--- WORK ORDER ---
Output only the lines from the one holding "catalan_forest.card_avoiders[OF catalan_forest_pat213]" to the end of the data below, please, copied exactly.
====== GIVEN INFORMATION ======
lemma laguerre_coeff_convolution:
  assumes "j \<le> m + k"
  shows "(\<Sum>t\<le>m + k - j. laguerre_coeff (m + k + 1) (m + k) (j + t) * of_nat ((j + t) choose j) *
            (\<Sum>i\<le>k. laguerre_coeff (2*m + k + 1) k i * fact (t + (m + i))))
       = (if m \<le> j then (-1)^m * laguerre_coeff (2*m + k + 1) k (j - m) else 0)"
proof -
  define K where "K = 2*m + k + 1"
  define S where "S = (\<Sum>i\<le>k. (-1::real)^i * of_nat (K choose (k - i)) * of_nat ((i + m) choose i) *
                         of_nat ((k - i) choose (m + k - j)))"
  have "(\<Sum>t\<le>m + k - j. laguerre_coeff (m + k + 1) (m + k) (j + t) * of_nat ((j + t) choose j) *
            (\<Sum>i\<le>k. laguerre_coeff K k i * fact (t + (m + i))))
      = (-1)^j * fact m / fact j * S"
    unfolding laguerre_coeff_convolution_moments[OF assms] S_def laguerre_coeff_mult_fact
    by (simp add: sum_distrib_left mult_ac)
  also have "\<dots> = (if m \<le> j then (-1)^m * laguerre_coeff K k (j - m) else 0)"
  proof (cases "m \<le> j")
    case True
    have "S = of_nat (K choose (m + k - j)) * of_nat (j choose (j - m))"
    proof -
      have "real (K - (m + k - j)) - real m - 1 = real j" "k - (m + k - j) = j - m"
        using assms True by (simp_all add: K_def)
      thus ?thesis unfolding S_def using assms True
        by (subst sum_alternating_binomial_choose) (simp_all add: K_def binomial_gbinomial)
    qed
    moreover have "real (j choose (j - m)) = fact j / (fact (j - m) * fact m)"
      using True by (simp add: binomial_fact)
    moreover have "(-1::real)^j = (-1)^m * (-1)^(j - m)" "k - (j - m) = m + k - j"
      using True assms by (simp_all add: power_add[symmetric])
    ultimately show ?thesis
      using True by (simp add: laguerre_coeff_def field_simps)
  next
    case False
    hence "(k - i) choose (m + k - j) = 0" for i by simp
    thus ?thesis using False by (simp add: S_def del: binomial_eq_0_iff)
  qed
  finally show ?thesis by (simp add: K_def)
qed

text \<open>The eigenvalue equation for \<open>\<psi>\<close>, coefficientwise, once its moments
  \<open>\<integral> e^{-y} y^s dy = s!\<close> have been inserted.\<close>
lemma laguerre_hankel_identity:
  "(\<Sum>r\<le>m + k. laguerre_coeff (m + k + 1) (m + k) r * (\<Sum>i\<le>k. laguerre_coeff (2*m + k + 1) k i *
      (\<Sum>j\<le>r. of_nat (r choose j) * x^j * fact ((r - j) + (m + i)))))
   = (-1)^m * (\<Sum>i\<le>k. laguerre_coeff (2*m + k + 1) k i * x^(m + i))"
proof -
  define c where "c = laguerre_coeff (2*m + k + 1) k"
  define g where "g j t = laguerre_coeff (m + k + 1) (m + k) (j + t) * of_nat ((j + t) choose j) * x^j *
            (\<Sum>i\<le>k. c i * fact (t + (m + i)))" for j t
  have "(\<Sum>r\<le>m + k. laguerre_coeff (m + k + 1) (m + k) r * (\<Sum>i\<le>k. c i *
      (\<Sum>j\<le>r. of_nat (r choose j) * x^j * fact ((r - j) + (m + i)))))
     = (\<Sum>r\<le>m + k. \<Sum>j\<le>r. g j (r - j))"
    unfolding g_def
    by (intro sum.cong refl) (simp add: sum_distrib_left sum_distrib_right sum.swap[of _ "{..k}"] algebra_simps)
  also have "\<dots> = (\<Sum>j\<le>m + k. \<Sum>t\<le>m + k - j. g j t)" by (rule sum_triangle_atMost)
  also have "\<dots> = (\<Sum>j\<le>m + k. x^j * (if m \<le> j then (-1)^m * c (j - m) else 0))"
    unfolding g_def c_def
    by (intro sum.cong refl) (simp add: laguerre_coeff_convolution[symmetric] sum_distrib_left algebra_simps)
  also have "\<dots> = (\<Sum>j\<in>{m..m + k}. x^j * ((-1)^m * c (j - m)))"
    by (rule sum.mono_neutral_cong_right) auto
  also have "\<dots> = (\<Sum>i\<le>k. x^(m + i) * ((-1)^m * c i))"
    by (rule sum.reindex_bij_witness[of _ "\<lambda>i. m + i" "\<lambda>j. j - m"]) auto
  finally show ?thesis by (simp add: c_def sum_distrib_left algebra_simps)
qed

section \<open>Integrals on the positive half-line\<close>

lemma has_bochner_integral_exp_neg_power:
  "has_bochner_integral lborel (\<lambda>y::real. indicator {0<..} y *\<^sub>R (exp (-y) * y^s)) (fact s)"
proof (rule has_bochner_integral_nn_integral)
  have "(\<integral>\<^sup>+y. ennreal (indicator {0<..} y *\<^sub>R (exp (-y) * y^s)) \<partial>lborel)
      = (\<integral>\<^sup>+y. ennreal (y^s * exp (-y)) * indicator {0..} y \<partial>lborel)"
  proof (rule nn_integral_cong_AE)
    show "AE y in lborel. ennreal (indicator {0<..} y *\<^sub>R (exp (-y) * y^s)) = ennreal (y^s * exp (-y)) * indicator {0..} y"
      using AE_lborel_singleton[of 0] by eventually_elim (auto simp: indicator_def mult.commute)
  qed
  also have "\<dots> = ennreal (fact s)" using nn_intergal_power_times_exp_Ici[of s] by simp
  finally show "(\<integral>\<^sup>+y. ennreal (indicator {0<..} y *\<^sub>R (exp (-y) * y^s)) \<partial>lborel) = ennreal (fact s)" .
qed (auto simp: indicator_def)
lemma contour_integral_circlepath_difference_quotient:
  fixes g :: "complex \<Rightarrow> complex"
  assumes cont: "continuous_on (cball c r) g" and holo: "g holomorphic_on ball c r"
    and b: "b \<in> ball c r"
  shows "contour_integral (circlepath c r) (\<lambda>\<zeta>. g \<zeta> / ((\<zeta> - c) * (\<zeta> - b)))
    = 2 * pi * \<i> * (if b = c then deriv g c else (g b - g c) / (b - c))"
proof (cases "b = c")
  case True
  have "((\<lambda>\<zeta>. g \<zeta> / (\<zeta> - c) ^ Suc 1) has_contour_integral (2 * pi * \<i> / fact 1 * (deriv ^^ 1) g c))
      (circlepath c r)"
    using b True by (intro Cauchy_has_contour_integral_higher_derivative_circlepath cont holo) auto
  then show ?thesis
    using True by (simp add: power2_eq_square contour_integral_unique)
next
  case False
  have "norm (b - c) < r" using b by (simp add: dist_norm norm_minus_commute)
  moreover have r: "0 < r" using b by (meson dist_not_less_zero le_less_trans mem_ball not_le)
  ultimately have "((\<lambda>\<zeta>. g \<zeta> / (\<zeta> - c)) has_contour_integral 2 * pi * \<i> * g c) (circlepath c r)"
      "((\<lambda>\<zeta>. g \<zeta> / (\<zeta> - b)) has_contour_integral 2 * pi * \<i> * g b) (circlepath c r)"
    using Cauchy_integral_circlepath[OF cont holo] by simp_all
  then have "((\<lambda>\<zeta>. (g \<zeta> / (\<zeta> - c) - g \<zeta> / (\<zeta> - b)) / (c - b)) has_contour_integral
      ((2 * pi * \<i> * g c - 2 * pi * \<i> * g b) / (c - b))) (circlepath c r)"
    by (intro has_contour_integral_div has_contour_integral_diff)
  moreover have "(g \<zeta> / (\<zeta> - c) - g \<zeta> / (\<zeta> - b)) / (c - b) = g \<zeta> / ((\<zeta> - c) * (\<zeta> - b))"
    if "\<zeta> \<in> path_image (circlepath c r)" for \<zeta>
  proof -
    have "norm (\<zeta> - c) = r" using that r by (auto simp: dist_norm norm_minus_commute)
    then have "\<zeta> - c \<noteq> 0" "\<zeta> - b \<noteq> 0" "c - b \<noteq> 0" using r \<open>norm (b - c) < r\<close> False by auto
    then show ?thesis by (simp add: divide_simps) (simp add: algebra_simps)
  qed
  ultimately have "((\<lambda>\<zeta>. g \<zeta> / ((\<zeta> - c) * (\<zeta> - b))) has_contour_integral
      ((2 * pi * \<i> * g c - 2 * pi * \<i> * g b) / (c - b))) (circlepath c r)"
    by (rule has_contour_integral_eq)
  moreover have "(2 * pi * \<i> * g c - 2 * pi * \<i> * g b) / (c - b) = 2 * pi * \<i> * ((g b - g c) / (b - c))"
    using False by (simp add: field_simps)
  ultimately show ?thesis
    using False by (simp add: contour_integral_unique)
qed

lemma isCont_contour_integral_circlepath:
  fixes H :: "'a::{heine_borel,perfect_space} \<Rightarrow> complex \<Rightarrow> complex"
  assumes cont: "continuous_on (cball w0 \<rho> \<times> sphere c r) (\<lambda>(w, \<zeta>). H w \<zeta>)"
    and \<rho>: "\<rho> > 0" and r: "r > 0"
  shows "isCont (\<lambda>w. contour_integral (circlepath c r) (H w)) w0"
proof -
  let ?K = "cball w0 \<rho> \<times> sphere c r"
  have ucont: "uniformly_continuous_on ?K (\<lambda>(w, \<zeta>). H w \<zeta>)"
    by (intro compact_uniformly_continuous cont compact_Times compact_cball compact_sphere)
  have near: "\<forall>\<^sub>F w in at w0. dist w w0 < d" if "d > 0" for d
    using that by (auto simp: eventually_at)
  have "uniform_limit (sphere c r) H (H w0) (at w0)"
    unfolding uniform_limit_iff
  proof (intro allI impI)
    fix \<epsilon> :: real assume "\<epsilon> > 0"
    with ucont obtain d where "d > 0" and d: "\<And>x x'. x \<in> ?K \<Longrightarrow> x' \<in> ?K \<Longrightarrow> dist x' x < d \<Longrightarrow>
        dist ((\<lambda>(w, \<zeta>). H w \<zeta>) x') ((\<lambda>(w, \<zeta>). H w \<zeta>) x) < \<epsilon>"
      unfolding uniformly_continuous_on_def by metis
    have "\<forall>\<^sub>F w in at w0. dist w w0 < min d \<rho>" using \<open>d > 0\<close> \<rho> by (intro near) simp
    then show "\<forall>\<^sub>F w in at w0. \<forall>\<zeta>\<in>sphere c r. dist (H w \<zeta>) (H w0 \<zeta>) < \<epsilon>"
    proof eventually_elim
      case (elim w)
      show ?case
      proof
        fix \<zeta> assume "\<zeta> \<in> sphere c r"
        with elim have "(w, \<zeta>) \<in> ?K" "(w0, \<zeta>) \<in> ?K" "dist (w, \<zeta>) (w0, \<zeta>) < d"
          using \<rho> by (auto simp: dist_commute dist_Pair_Pair)
        then show "dist (H w \<zeta>) (H w0 \<zeta>) < \<epsilon>" using d by fastforce
      qed
    qed
  qed
  moreover have "\<forall>\<^sub>F w in at w0. H w contour_integrable_on circlepath c r"
    using near[OF \<rho>]
  proof eventually_elim
    case (elim w)
    have "continuous_on (sphere c r) ((\<lambda>(w, \<zeta>). H w \<zeta>) \<circ> (\<lambda>\<zeta>. (w, \<zeta>)))"
      using elim by (intro continuous_on_compose continuous_intros continuous_on_subset[OF cont])
        (auto simp: dist_commute)
    then show ?case
      using r by (intro contour_integrable_continuous_circlepath) (simp_all add: o_def)
  qed
  ultimately have "((\<lambda>w. contour_integral (circlepath c r) (H w))
      \<longlongrightarrow> contour_integral (circlepath c r) (H w0)) (at w0)"
    using r by (intro contour_integral_uniform_limit_circlepath(2)) auto
  then show ?thesis by (simp add: isCont_def)
qed
lemma bij_betw_positive_letters:
  assumes w: "arrangement_word w" "length w = n"
  defines "T \<equiv> {i \<in> {1..n}. 0 < w ! (i - 1)}"
  shows "bij_betw (\<lambda>i. nat (w ! (i - 1))) T {1..card T}"
proof -
  define k where "k = nat (next_letter w - 1)"
  have "inj_on (\<lambda>i. nat (w ! (i - 1))) T"
  proof (rule inj_onI)
    fix i j assume "i \<in> T" "j \<in> T" "nat (w ! (i - 1)) = nat (w ! (j - 1))"
    then have "i - 1 = j - 1"
      using w by (intro arrangement_word_nth_inj[OF w(1)]) (auto simp: T_def)
    then show "i = j"
      using \<open>i \<in> T\<close> \<open>j \<in> T\<close> by (auto simp: T_def)
  qed
  moreover have "(\<lambda>i. nat (w ! (i - 1))) ` T = {1..k}"
  proof -
    have pos: "{x \<in> set w. 0 < x} = {1..int k}"
      using w(1) set_pos_mset[of w] next_letter_pos[of w] by (simp add: arrangement_word_def k_def)
    have "x \<in> (\<lambda>i. nat (w ! (i - 1))) ` T \<longleftrightarrow> int x \<in> {x \<in> set w. 0 < x}" for x
    proof
      assume "x \<in> (\<lambda>i. nat (w ! (i - 1))) ` T"
      then show "int x \<in> {x \<in> set w. 0 < x}"
        using w(2) by (auto simp: T_def)
    next
      assume "int x \<in> {x \<in> set w. 0 < x}"
      then obtain p where "p < n" "w ! p = int x" "0 < x"
        using w(2) by (auto simp: in_set_conv_nth)
      then show "x \<in> (\<lambda>i. nat (w ! (i - 1))) ` T"
        by (auto simp: T_def image_iff intro!: exI[of _ "Suc p"])
    qed
    then show ?thesis
      using pos by (intro set_eqI) simp
  qed
  ultimately show ?thesis
    by (metis bij_betw_def bij_betw_same_card card_atLeastAtMost diff_Suc_1 inj_on_imp_bij_betw)
qed

lemma permutation_with_ranks:
  fixes T :: "'a :: linorder set"
  assumes "finite T" "bij_betw r T {1..card T}"
  obtains \<pi> where "\<pi> permutes T" "\<And>i. i \<in> T \<Longrightarrow> card {t \<in> T. t \<le> \<pi> i} = r i"
proof -
  define rank where "rank v = card {t \<in> T. t \<le> v}" for v
  have rank: "bij_betw rank T {1..card T}"
    unfolding rank_def by (rule bij_betw_card_le_rank[OF assms(1)])
  define \<pi> where "\<pi> i = (if i \<in> T then inv_into T rank (r i) else i)" for i
  have "bij_betw (inv_into T rank \<circ> r) T T"
    using assms(2) bij_betw_inv_into[OF rank] by (rule bij_betw_trans)
  then have "bij_betw \<pi> T T"
    by (rule bij_betw_cong[THEN iffD1, rotated]) (simp add: \<pi>_def)
  then have "\<pi> permutes T"
    by (rule bij_imp_permutes) (simp add: \<pi>_def)
  moreover have "rank (\<pi> i) = r i" if "i \<in> T" for i
    using that bij_betw_apply[OF assms(2)] bij_betw_imp_surj_on[OF rank]
    by (simp add: \<pi>_def f_inv_into_f)
  ultimately show ?thesis
    using that by (simp add: rank_def)
qed

lemma pf3_surj:
  assumes w: "arrangement_word w" "length w = n"
  obtains a where "a \<in> arrangements3 n" "pf3 n (fst a) (snd a) = w"
proof -
  define S where "S = {i \<in> {1..n}. w ! (i - 1) < 0}"
  define T where "T = {i \<in> {1..n}. 0 < w ! (i - 1)}"
  have letters: "w ! (i - 1) \<in> {-2, -1} \<or> 0 < w ! (i - 1)" if "i \<in> {1..n}" for i
    using w that nth_mem[of "i - 1" w] by (force simp: arrangement_word_def)
  then have T: "T = {1..n} - S"
    by (force simp: S_def T_def)
  obtain \<pi> where \<pi>: "\<pi> permutes T" and rank: "\<And>i. i \<in> T \<Longrightarrow> card {t \<in> T. t \<le> \<pi> i} = nat (w ! (i - 1))"
    using permutation_with_ranks[OF _ bij_betw_positive_letters[OF w]] by (auto simp: T_def)
  define \<phi> where "\<phi> i = (if i \<in> S then w ! (i - 1) else if i \<in> T \<and> \<pi> i = i then -3 else 0)" for i
  have "\<pi> permutes {1..n}"
    using \<pi> by (rule permutes_subset) (simp add: T)
  moreover have "\<phi> i \<in> (if i \<in> {1..n} \<and> \<pi> i = i then {-1, -2, -3} else {0})" for i
    using letters[of i] permutes_not_in[OF \<pi>, of i] by (auto simp: \<phi>_def S_def T)
  ultimately have a: "(\<pi>, \<phi>) \<in> arrangements3 n"
    by (simp add: arrangements3_def)
  have "i \<in> neg_positions n \<pi> \<phi> \<longleftrightarrow> i \<in> S" for i
    using letters[of i] permutes_not_in[OF \<pi>, of i] by (auto simp: neg_positions_def \<phi>_def S_def T)
  then have S: "neg_positions n \<pi> \<phi> = S"
    by blast
  have nth: "pf3 n \<pi> \<phi> ! (i - 1) = w ! (i - 1)" if "i \<in> {1..n}" for i
  proof (cases "i \<in> S")
    case False
    then have "i \<in> T"
      using that T by blast
    have "card {t \<in> {1..n} - S. t \<le> \<pi> i} = nat (w ! (i - 1))"
      using rank[OF \<open>i \<in> T\<close>] by (simp only: T)
    moreover have "0 < w ! (i - 1)"
      using \<open>i \<in> T\<close> by (simp add: T_def)
    ultimately show ?thesis
      using nth_pf3[OF a that] False S by simp
  qed (use nth_pf3[OF a that] S in \<open>simp add: \<phi>_def\<close>)
  have "pf3 n \<pi> \<phi> = w"
  proof (rule nth_equalityI)
    show "length (pf3 n \<pi> \<phi>) = length w"
      using w(2) by simp
    fix i assume "i < length (pf3 n \<pi> \<phi>)"
    then show "pf3 n \<pi> \<phi> ! i = w ! i"
      using nth[of "Suc i"] by simp
  qed
  with a show ?thesis
    using that by force
qed


lemma bij_betw_pf3:
  "bij_betw (\<lambda>a. pf3 n (fst a) (snd a)) (arrangements3 n) {w. length w = n \<and> arrangement_word w}"
proof (rule bij_betw_imageI[OF inj_on_pf3])
  show "(\<lambda>a. pf3 n (fst a) (snd a)) ` arrangements3 n = {w. length w = n \<and> arrangement_word w}"
  proof
    show "(\<lambda>a. pf3 n (fst a) (snd a)) ` arrangements3 n \<subseteq> {w. length w = n \<and> arrangement_word w}"
      using arrangement_word_pf3 by fastforce
    show "{w. length w = n \<and> arrangement_word w} \<subseteq> (\<lambda>a. pf3 n (fst a) (snd a)) ` arrangements3 n"
    proof
      fix w assume "w \<in> {w. length w = n \<and> arrangement_word w}"
      then obtain a where "a \<in> arrangements3 n" "w = pf3 n (fst a) (snd a)"
        by (auto elim: pf3_surj)
      then show "w \<in> (\<lambda>a. pf3 n (fst a) (snd a)) ` arrangements3 n"
        by (rule rev_image_eqI)
    qed
  qed
qed

section \<open>Reversal and the six patterns\<close>

lemma avoids_iff_avoids3:
  "avoids w \<sigma> \<longleftrightarrow> avoids3 (\<lambda>x y z. red [x, y, z] = [int (\<sigma> 1), int (\<sigma> 2), int (\<sigma> 3)]) w"
  by (simp add: avoids_def avoids3_def)

lemma red3_iff:
  "red [x, y, z] = [1, 2, 3] \<longleftrightarrow> pat123 x y z"
  "red [x, y, z] = [3, 2, 1] \<longleftrightarrow> pat123 z y x"
  "red [x, y, z] = [2, 1, 3] \<longleftrightarrow> pat213 x y z"
  "red [x, y, z] = [3, 1, 2] \<longleftrightarrow> pat213 z y x"
  "red [x, y, z] = [1, 3, 2] \<longleftrightarrow> pat132 x y z"
  "red [x, y, z] = [2, 3, 1] \<longleftrightarrow> pat132 z y x"
  unfolding pat123_def pat213_def pat132_def red_def
  by (cases x y rule: linorder_cases; cases y z rule: linorder_cases;
      cases x z rule: linorder_cases;
      auto simp: card_insert_if conj_disj_distribR Collect_disj_eq Collect_conv_if)+

lemma card_avoiders_rev: "card (avoiders (\<lambda>x y z. Q z y x) n) = card (avoiders Q n)"
proof -
  have "rev ` avoiders Q n = avoiders (\<lambda>x y z. Q z y x) n"
    by (force simp: avoiders_def avoids3_rev arrangement_word_rev image_iff
        intro: exI[of _ "rev _"])
  then show ?thesis
    by (metis card_image inj_on_inverseI rev_rev_ident)
qed

lemma perm3_cases:
  assumes "\<sigma> permutes {1, 2, 3 :: nat}"
  shows "(\<sigma> 1, \<sigma> 2, \<sigma> 3) \<in> {(1, 2, 3), (3, 2, 1), (2, 1, 3), (3, 1, 2), (1, 3, 2), (2, 3, 1)}"
proof -
  have "\<sigma> 1 \<noteq> \<sigma> 2" "\<sigma> 1 \<noteq> \<sigma> 3" "\<sigma> 2 \<noteq> \<sigma> 3"
    using permutes_inj[OF assms] by (simp_all add: inj_eq)
  moreover have "\<sigma> 1 = 1 \<or> \<sigma> 1 = 2 \<or> \<sigma> 1 = 3" "\<sigma> 2 = 1 \<or> \<sigma> 2 = 2 \<or> \<sigma> 2 = 3"
    "\<sigma> 3 = 1 \<or> \<sigma> 3 = 2 \<or> \<sigma> 3 = 3"
    using permutes_in_image[OF assms] by auto
  ultimately show ?thesis
    by (elim disjE) simp_all
qed

lemma card_avoiders_red:
  assumes "\<sigma> permutes {1, 2, 3}"
  shows "int (card (avoiders (\<lambda>x y z. red [x, y, z] = [int (\<sigma> 1), int (\<sigma> 2), int (\<sigma> 3)]) n))
    = int (catalan (n + 2)) - 2 ^ n"
proof -
  have "(\<lambda>x y z. red [x, y, z] = [int (\<sigma> 1), int (\<sigma> 2), int (\<sigma> 3)])
      \<in> {pat123, \<lambda>x y z. pat123 z y x, pat213, \<lambda>x y z. pat213 z y x, pat132, \<lambda>x y z. pat132 z y x}"
    using perm3_cases[OF assms] by (auto simp: red3_iff)
  then show ?thesis
    using catalan_forest.card_avoiders[OF catalan_forest_pat123]
      catalan_forest.card_avoiders[OF catalan_forest_pat213]
      catalan_forest.card_avoiders[OF catalan_forest_pat132]
      card_avoiders_rev[of pat123] card_avoiders_rev[of pat213] card_avoiders_rev[of pat132]
    by auto
qed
======
--- OUTPUT OF THE EXERCISE ---
      catalan_forest.card_avoiders[OF catalan_forest_pat213]
      catalan_forest.card_avoiders[OF catalan_forest_pat132]
      card_avoiders_rev[of pat123] card_avoiders_rev[of pat213] card_avoiders_rev[of pat132]
    by auto
qed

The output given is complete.